На несколько минут воцарилось тяжелое молчание, и в это самое время Баскаков снова очнулся, снова открыл глаза и снова поглядел кругом себя с изумлением. Тишина, стоявшая в комнате, обманула его. Трубецкая и ее подруга стояли в изголовье его постели, и он не мог видеть их, но вдруг его слуха коснулся легкий вздох, и мелодичный голос, точно утешая кого-то, проговорил:
– Не плачь, Соня! Ты и так много плакала.

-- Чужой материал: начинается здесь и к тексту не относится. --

lemma hilt_B_Suc:
  assumes "finite A0"
  shows "hilt_B N \<gamma> \<theta> A0 (Suc k) = hilt_B N \<gamma> \<theta> A0 k + hilt_D N \<gamma> \<theta> A0 k"
proof (cases k)
  case 0
  then show ?thesis by (simp add: hilt_B_def hilt_D_def)
next
  case (Suc k')
  let ?A = "hilt_A N \<gamma> \<theta> A0"
  have "card (?A (Suc k')) = card (?A k') + card (?A (Suc k') - ?A k')"
    using hilt_A_finite[OF assms] hilt_A_Suc_mono
    by (metis card_Diff_subset card_mono finite_subset le_add_diff_inverse)
  then show ?thesis
    using Suc by (simp add: hilt_B_def hilt_D_def del: hilt_A.simps)
qed

definition consistent :: "real \<Rightarrow> (nat \<Rightarrow> nat set) \<Rightarrow> nat \<Rightarrow> nat \<Rightarrow> real set" where
  "consistent \<gamma> X k i =
     {x. \<forall>r<k. i \<notin> X r \<longrightarrow> (x \<le> \<gamma> * real (card (X r)) \<longleftrightarrow> i \<in> X (Suc r))}"

lemma consistent_Suc:
  "consistent \<gamma> X (Suc k) i =
     consistent \<gamma> X k i \<inter> {x. i \<notin> X k \<longrightarrow> (x \<le> \<gamma> * real (card (X k)) \<longleftrightarrow> i \<in> X (Suc k))}"
  by (auto simp: consistent_def less_Suc_eq)

lemma consistent_cong: "\<forall>r\<le>k. X r = Y r \<Longrightarrow> consistent \<gamma> X k i = consistent \<gamma> Y k i"
  by (auto simp: consistent_def)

– Да, мне казалось, что я уже выплакала все слезы, – послышался Баскакову другой голос, – мне казалось, что теперь в моем сердце не осталось ничего, кроме любви к памяти Моти да ненависти к злодею Бирону. Но, оказывается, слезы еще не совсем иссякли; впрочем, они высохнут, их утолит пламя моей ненависти.
Этот разговор, эти женские голоса еще более изумили Василия Григорьевича. Теперь уж он не сомневался, что он не спит, и, чтобы увидеть, кто тут разговаривает, чтобы наконец узнать, куда он попал, он повернул голову, приподнялся на локте и взглянул в ту сторону, где звучали голоса.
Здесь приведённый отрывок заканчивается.